In 2009, however, women snatched four out of fifty seats in parliament: Massouma al-Mubarak, who was appointed Kuwait's first female cabinet minister in 2005, two US-educated professors, Salwa al-Jassar and Aseel al-Awadhi, and an economist, Rola Dashti.

However, the hopes that Kuwaiti women pinned on the four women MPs to obtain more rights were soon dashed.

"They (the dominant politicians) are proving something bad, namely, that their number one enemy is women," women's rights activist Shaikha al-Ali told The New Arab.

"The women MPs were preoccupied with political and sectarian quarrels and defending the prime minister who was later toppled, and forgot about women's rights," she added.

The activist said the women even endorsed the government's discriminatory policies against women when they became ministers, accusing them of political opportunism.

"Some Islamists voted against granting women the right to run in elections, but their proposals in 2009 were actually more pro-women than those of the women MPs."

In the 2012 elections, women again failed to win seats, while no official quota was allocated for women, arguably one of the effective ways to ensure they are represented in legislatures.
Women are on track to join the judiciary, police and army in Kuwait
Limited progress 

Earlier this year, the Kuwaiti government appointed 22 women prosecutors in a first step towards appointing them as judges for the first time in Kuwait. Five years earlier, Kuwait passed a law that paved the way for women to join the police force and the army.

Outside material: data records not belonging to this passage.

definition Ader_dom :: "real set \<Rightarrow> ('z::real_normed_vector \<Rightarrow>\<^sub>L 'y::real_normed_vector) \<Rightarrow> ('x \<Rightarrow> real \<Rightarrow> real \<Rightarrow> ('y \<Rightarrow>\<^sub>L 'y)) \<Rightarrow> 'x \<Rightarrow> 'y set" where
  "Ader_dom J \<iota> \<Gamma>s x = {f. (\<forall>y. f \<in> gen_dom_all J (\<Gamma>s y)) \<and>
      (\<forall>t\<in>J. gen J (\<Gamma>s x) t f \<in> range \<iota>) \<and>
      (\<forall>t\<in>J. \<exists>L. ((\<lambda>h. (1 / h) *\<^sub>R (inv \<iota> (gen J (\<Gamma>s x) (t + h) f) - inv \<iota> (gen J (\<Gamma>s x) t f))) \<longlongrightarrow> L)
                    (at 0 within {h. t + h \<in> J}))}"

definition Ader :: "real set \<Rightarrow> ('z::real_normed_vector \<Rightarrow>\<^sub>L 'y::real_normed_vector) \<Rightarrow> ('x \<Rightarrow> real \<Rightarrow> real \<Rightarrow> ('y \<Rightarrow>\<^sub>L 'y)) \<Rightarrow> 'x \<Rightarrow> real \<Rightarrow> 'y \<Rightarrow> 'z" where
  "Ader J \<iota> \<Gamma>s x t f = Lim (at 0 within {h. t + h \<in> J})
      (\<lambda>h. (1 / h) *\<^sub>R (inv \<iota> (gen J (\<Gamma>s x) (t + h) f) - inv \<iota> (gen J (\<Gamma>s x) t f)))"

definition semi_markov_kernel :: "('x::finite \<Rightarrow> 'x \<Rightarrow> real measure) \<Rightarrow> bool" where
  "semi_markov_kernel Q \<longleftrightarrow>
     (\<forall>x y. finite_measure (Q x y) \<and> sets (Q x y) = sets borel \<and> emeasure (Q x y) {..0} = 0) \<and>
     (\<forall>x. (\<Sum>y\<in>UNIV. measure (Q x y) (space (Q x y))) = 1)"

text \<open>(x_n, T_n) is a Markov renewal process with semi-Markov kernel Q, expressed through its
  finite-dimensional distributions:
  P(x_0 = y_0, x_k = y_k, T_k - T_(k-1) <= t_k for 1<=k<=n) = P(x_0 = y_0) * prod_k Q(y_(k-1), y_k, [0, t_k]).\<close>
definition markov_renewal :: "'a measure \<Rightarrow> (nat \<Rightarrow> 'a \<Rightarrow> 'x::finite) \<Rightarrow> (nat \<Rightarrow> 'a \<Rightarrow> real) \<Rightarrow> ('x \<Rightarrow> 'x \<Rightarrow> real measure) \<Rightarrow> bool" where
  "markov_renewal M xs Ts Q \<longleftrightarrow>
     prob_space M \<and> semi_markov_kernel Q \<and>
     (\<forall>n. xs n \<in> measurable M (count_space UNIV) \<and> Ts n \<in> borel_measurable M) \<and>
     (\<forall>\<omega>\<in>space M. Ts 0 \<omega> = 0 \<and> (\<forall>n. Ts n \<omega> < Ts (Suc n) \<omega>)) \<and>
     (\<forall>n (ys :: nat \<Rightarrow> 'x) (ts :: nat \<Rightarrow> real).
        measure M {\<omega>\<in>space M. \<forall>k\<le>n. xs k \<omega> = ys k \<and> (0 < k \<longrightarrow> Ts k \<omega> - Ts (k - 1) \<omega> \<le> ts k)}
        = measure M {\<omega>\<in>space M. xs 0 \<omega> = ys 0} *
          (\<Prod>k\<in>{1..n}. measure (Q (ys (k - 1)) (ys k)) {..ts k}))"

definition cnt :: "(nat \<Rightarrow> real) \<Rightarrow> real \<Rightarrow> nat" where
  "cnt T t = (GREATEST n. T n \<le> t)"

definition xpath :: "(nat \<Rightarrow> 'x) \<Rightarrow> (nat \<Rightarrow> real) \<Rightarrow> real \<Rightarrow> 'x" where
  "xpath X T t = X (cnt T t)"

definition Ns :: "(nat \<Rightarrow> real) \<Rightarrow> real \<Rightarrow> real \<Rightarrow> nat" where
  "Ns T s t = cnt T t - cnt T s"

definition Tks :: "(nat \<Rightarrow> real) \<Rightarrow> real \<Rightarrow> nat \<Rightarrow> real" where
  "Tks T s k = (if k = 0 then s else T (cnt T s + k))"

definition xks :: "(nat \<Rightarrow> 'x) \<Rightarrow> (nat \<Rightarrow> real) \<Rightarrow> real \<Rightarrow> nat \<Rightarrow> 'x" where
  "xks X T s k = xpath X T (Tks T s k)"

definition tscale :: "real \<Rightarrow> real \<Rightarrow> real \<Rightarrow> real" where
  "tscale \<epsilon> s t = s + \<epsilon> * (t - s)"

"Women have failed in Kuwaiti politics so far for two reasons: political life in Kuwait itself is stalling, and second, socially speaking, women's experience remains recent amid confusion and failure to set priorties," Khalil Khaled, sociologist at Kuwait University, told The New Arab.

"It will take some time yet before things reach their natural conclusion," he added.

The Guardian said it was Iraq's occupation of Kuwait in 1990 that played a crucial role in the liberalisation of women's political and social rights.

At the time, many women assumed important responsibilities, volunteering in hospitals to compensate for the lack of medical staff, smuggling food, money, and weapons across military checkpoints.